By Chrysostomos Tsoufis

“We close 2022 with a reduction in the primary deficit from 5% of GDP in 2021 to something around 1.3%-1.5% in 2022.” Christos Staikouras said on Real Fm, predicting the markets for a major surprise on April 24 when Eurostat will also announce the final… fiscal control of the country.

Knowing the facts as well as the minister himself who likes to set the bar low, it will not be a surprise if eventually the Eurostat announces for 2022 a primary deficit closer to 1.2% or even lower.
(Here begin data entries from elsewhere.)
lemma resid_T: "a \<in> T \<Longrightarrow> r a \<beta> = \<sigma> a * \<rho>"
  using sign_T(1)[of a] sign_T_sq[of a] by (metis mult.assoc mult_1)

text \<open>At full rank, a chain of tied observations with spanning consecutive differences
  \<open>z a - z b = \<sigma> a *\<^sub>R (x a + s *\<^sub>R x b)\<close>, \<open>s = - \<sigma> a * \<sigma> b\<close>, yields the \<open>p\<close> equations.\<close>

lemma equations_of_full_rank:
  assumes "tie_rank \<beta> = CARD('p)"
  obtains idx s where "\<And>k. k \<le> CARD('p) \<Longrightarrow> idx k \<in> T" and "inj_on idx {0..CARD('p)}"
    and "\<And>k. k < CARD('p) \<Longrightarrow> s k \<in> {1, -1}"
    and "\<And>c k. (\<Sum>k<CARD('p). c k *\<^sub>R (x (idx k) + s k *\<^sub>R x (idx (Suc k)))) = 0 \<Longrightarrow>
      k < CARD('p) \<Longrightarrow> c k = 0"
    and "\<And>\<gamma>. (\<forall>k<CARD('p). (x (idx k) + s k *\<^sub>R x (idx (Suc k))) \<bullet> \<gamma> =
      y (idx k) + s k * y (idx (Suc k))) \<longleftrightarrow> \<gamma> = \<beta>"
proof -
  let ?p = "CARD('p)"
  have "span {z a - z b | a b. a \<in> T \<and> b \<in> T} = UNIV"
    using assms dim_eq_full[of "{z a - z b | a b. a \<in> T \<and> b \<in> T}"]
    by (simp add: tie_rank_def tied_differences_eq)
  then obtain idx where idx: "\<And>k. k \<le> ?p \<Longrightarrow> idx k \<in> T"
    and span_d: "span ((\<lambda>k. z (idx k) - z (idx (Suc k))) ` {..<?p}) = UNIV"
    using chain_with_spanning_differences[of z T] T_nonempty by auto
  define s where "s k = - \<sigma> (idx k) * \<sigma> (idx (Suc k))" for k
  define w where "w k = x (idx k) + s k *\<^sub>R x (idx (Suc k))" for k
  have d_w: "z (idx k) - z (idx (Suc k)) = \<sigma> (idx k) *\<^sub>R w k" if "k < ?p" for k
    using sign_T_sq[OF idx[of k]] that
    by (simp add: w_def s_def z_def scaleR_add_right algebra_simps)
  have span_w: "span (w ` {..<?p}) = UNIV"
  proof -
    have "(\<lambda>k. z (idx k) - z (idx (Suc k))) ` {..<?p} \<subseteq> span (w ` {..<?p})"
      using d_w by (auto intro: span_scale span_base)
    then show ?thesis using span_d span_mono[of _ "span (w ` {..<?p})"] by (metis span_span top.extremum_unique)
  qed
  show ?thesis
  proof (rule that[of idx s])
    show "idx k \<in> T" if "k \<le> ?p" for k using idx that .
    show "inj_on idx {0..?p}"
      using independent_if_span_UNIV[of "\<lambda>k. z (idx k) - z (idx (Suc k))"] span_d
      by (intro inj_on_if_consecutive_differences_independent) simp
    show "s k \<in> {1, -1}" if "k < ?p" for k
      using sign_T(2)[OF idx[of k]] sign_T(2)[OF idx[of "Suc k"]] that by (auto simp: s_def)
    show "c k = 0" if "(\<Sum>k<?p. c k *\<^sub>R (x (idx k) + s k *\<^sub>R x (idx (Suc k)))) = 0" "k < ?p" for c k
      using independent_if_span_UNIV[of w c k] span_w that by (simp add: w_def)
    have rhs: "w k \<bullet> \<beta> = y (idx k) + s k * y (idx (Suc k))" if "k < ?p" for k
      using resid_T[OF idx[of k]] resid_T[OF idx[of "Suc k"]] sign_T_sq[OF idx[of "Suc k"]] that
      by (simp add: w_def s_def resid_def inner_add_left algebra_simps)
    show "(\<forall>k<?p. (x (idx k) + s k *\<^sub>R x (idx (Suc k))) \<bullet> \<gamma> = y (idx k) + s k * y (idx (Suc k)))
        \<longleftrightarrow> \<gamma> = \<beta>" for \<gamma>
      using inner_eq_iff_if_span_UNIV[OF span_w, of \<gamma> \<beta>] rhs by (simp add: w_def)
  qed
qed

end

lemma (in lts_component) full_rank_frontier_point:
  assumes "frontier U \<noteq> {}"
  obtains \<beta> where "\<beta> \<in> frontier U" "tie_rank \<beta> = CARD('p)"
proof -
  have le: "tie_rank \<gamma> \<le> CARD('p)" for \<gamma>
    unfolding tie_rank_def by (rule dim_subset_UNIV_cart)
  let ?R = "tie_rank ` frontier U"
  have "?R \<subseteq> {..CARD('p)}" using le by auto
  then have "finite ?R" by (rule finite_subset) simp
  moreover have "?R \<noteq> {}" using assms by simp
  ultimately have "Max ?R \<in> ?R" by (rule Max_in)
  then obtain \<beta> where \<beta>: "\<beta> \<in> frontier U" "tie_rank \<beta> = Max ?R" by auto
  interpret lts_frontier_point n h x y U \<beta>
    using lts_component_axioms \<beta>(1) by (simp add: lts_frontier_point_def lts_frontier_point_axioms_def)
  have "\<not> tie_rank \<beta> < CARD('p)"
  proof
    assume "tie_rank \<beta> < CARD('p)"
    then obtain \<gamma> where "\<gamma> \<in> frontier U" "tie_rank \<gamma> > tie_rank \<beta>"
      by (rule frontier_rank_improvable)
    moreover have "tie_rank \<gamma> \<le> Max ?R" using \<open>finite ?R\<close> \<open>\<gamma> \<in> frontier U\<close> by simp
    ultimately show False using \<beta>(2) by simp
  qed
  then show ?thesis using that[OF \<beta>(1)] le[of \<beta>] by simp
qed

lemma span_UNIV_if_pair_sums:
  fixes x :: "nat \<Rightarrow> 'a::euclidean_space"
  assumes "dim {x k + x (k+1) | k. k < n - 1} = DIM('a)"
  shows "span {x j | j. j < n} = UNIV"
proof -
  have sums: "{x k + x (k+1) | k. k < n - 1} \<subseteq> span {x j | j. j < n}"
  proof safe
    fix k assume "k < n - 1"
    then have "x k \<in> span {x j | j. j < n}" "x (k+1) \<in> span {x j | j. j < n}"
      by (auto intro!: span_base)
    then show "x k + x (k+1) \<in> span {x j | j. j < n}" by (rule span_add)
  qed
  have "DIM('a) \<le> dim (span {x j | j. j < n})"
    using dim_subset[OF sums] assms by simp
  then have "dim {x j | j. j < n} = DIM('a)"
    using dim_subset_UNIV[of "{x j | j. j < n}"] by (simp add: dim_span)
  then show ?thesis by (simp add: dim_eq_full)
qed

text \<open>Only the all-plus instance of (A3) is used, to know that the rows span \<open>\<real>\<^sup>p\<close>.\<close>

theorem mainTheorem3:
  fixes n h :: nat and x :: "nat \<Rightarrow> real^'p" and y :: "nat \<Rightarrow> real"
  assumes np: "n > CARD('p)"
    and hp: "CARD('p) \<le> h" and hn: "h < n"
    and A1: "\<forall>i<n. x i \<noteq> 0 \<and> (\<forall>j<n. i \<noteq> j \<longrightarrow> x i \<noteq> x j \<and> x i \<noteq> - x j)"
    and A2: "\<forall>\<beta>. sorted_sq n x y h \<beta> > 0"
    and A3: "\<forall>s :: nat \<Rightarrow> real. (\<forall>k<n-1. s k \<in> {1, -1}) \<longrightarrow>
               dim {x k + s k *\<^sub>R x (k+1) | k. k < n - 1} = CARD('p)"
    and U: "U \<in> components (Uset n h x y)"
    and bd: "frontier U \<noteq> {}"
  shows "\<exists>\<beta> idx s. \<beta> \<in> frontier U
     \<and> (\<forall>k\<le>CARD('p). idx k < n) \<and> inj_on idx {0..CARD('p)}
     \<and> (\<forall>k<CARD('p). s k \<in> {1, -1 :: real})
     \<and> (\<forall>c :: nat \<Rightarrow> real. (\<Sum>k<CARD('p). c k *\<^sub>R (x (idx k) + s k *\<^sub>R x (idx (k+1)))) = 0
            \<longrightarrow> (\<forall>k<CARD('p). c k = 0))
     \<and> (\<forall>\<gamma>. (\<forall>k<CARD('p). (x (idx k) + s k *\<^sub>R x (idx (k+1))) \<bullet> \<gamma> = y (idx k) + s k * y (idx (k+1)))
            \<longleftrightarrow> \<gamma> = \<beta>)
     \<and> (resid x y (idx 0) \<beta>)\<^sup>2 = sorted_sq n x y h \<beta>
     \<and> sorted_sq n x y h \<beta> = sorted_sq n x y (h+1) \<beta>"
proof -
  have "span {x j | j. j < n} = UNIV"
    using A3[rule_format, of "\<lambda>_. 1"] by (intro span_UNIV_if_pair_sums) simp
  moreover have "1 \<le> h" using hp zero_less_card_finite[where 'a = 'p] by linarith
  ultimately interpret lts_component n h x y U
    using hn A2 U by unfold_locales auto
  obtain \<beta> where \<beta>: "\<beta> \<in> frontier U" "tie_rank \<beta> = CARD('p)"
    using full_rank_frontier_point[OF bd] .
  interpret lts_frontier_point n h x y U \<beta>
    using \<beta>(1) by unfold_locales
  obtain idx s where idx: "\<And>k. k \<le> CARD('p) \<Longrightarrow> idx k \<in> T" and inj: "inj_on idx {0..CARD('p)}"
    and signs: "\<And>k. k < CARD('p) \<Longrightarrow> s k \<in> {1, -1}"
    and indep: "\<And>c k. (\<Sum>k<CARD('p). c k *\<^sub>R (x (idx k) + s k *\<^sub>R x (idx (Suc k)))) = 0 \<Longrightarrow>
      k < CARD('p) \<Longrightarrow> c k = 0"
    and unique: "\<And>\<gamma>. (\<forall>k<CARD('p). (x (idx k) + s k *\<^sub>R x (idx (Suc k))) \<bullet> \<gamma> =
      y (idx k) + s k * y (idx (Suc k))) \<longleftrightarrow> \<gamma> = \<beta>"
    using equations_of_full_rank[OF \<beta>(2)] by blast
  show ?thesis
  proof (intro exI conjI allI impI)
    show "\<beta> \<in> frontier U" "inj_on idx {0..CARD('p)}" by (fact \<beta>(1), fact inj)
    show "idx k < n" if "k \<le> CARD('p)" for k using idx[OF that] by (simp add: T_def)
    show "s k \<in> {1, -1}" if "k < CARD('p)" for k using signs[OF that] .
    show "c k = 0" if "(\<Sum>k<CARD('p). c k *\<^sub>R (x (idx k) + s k *\<^sub>R x (idx (k+1)))) = 0" "k < CARD('p)"
      for c k using indep that by simp
    show "(\<forall>k<CARD('p). (x (idx k) + s k *\<^sub>R x (idx (k+1))) \<bullet> \<gamma> = y (idx k) + s k * y (idx (k+1)))
        \<longleftrightarrow> \<gamma> = \<beta>" for \<gamma> using unique by simp
    show "(resid x y (idx 0) \<beta>)\<^sup>2 = sorted_sq n x y h \<beta>" using idx[of 0] by (simp add: T_def c_def)
    show "sorted_sq n x y h \<beta> = sorted_sq n x y (h+1) \<beta>" using frontier_tied(2)[OF \<beta>(1)] by simp
  qed
qed

end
In other words, as much as the 2022 budget provided when it was passed in December 2021 and before it had to be revised by the successive packages of support measures for households and businesses.

From December 2021 and to deal with the health and fiscal crisis, the government received €9.2 billion of additional measures, each time revising the deficit target:

-2% in the Stability Program

-1.7% in the draft Budget 2023

-1.6% in the proposed 2023 Budget

An announcement from Eurostat – between the 2 polls if we take as a baseline scenario the first election on April 9th ​​- of a much better final result (1.2% deficit means a benefit of €900m against the target) would give credibility points to the government abroad even if it would have no effect on the voters.

The figures that show that Christos Staikouras is conservative in his estimates speak of €10 billion more tax revenue in 2022 compared to 2021. And to this should be added a significant part of the January and February revenue where a significant increase is also observed here in relation to the objectives but we still do not have the final data at our disposal.

The increase in GDP and the increase in employment meant more receipts from taxes and levies, tourism did extremely well as did investments, e-transactions increased even more and an additional €1.5bn comes from inflation and accuracy.

With this money, the government took approximately €9.2 billion in support measures for households and businesses, both extraordinary – fuel pass, power pass, market pass, electricity bill subsidies, Christmas and Easter benefits – and permanent with reductions in taxes and insurance contributions. And at the same time, he kept a cellar so that there would be a better-than-estimated fiscal result that would be used as a “weapon” to recover the coveted investment grade.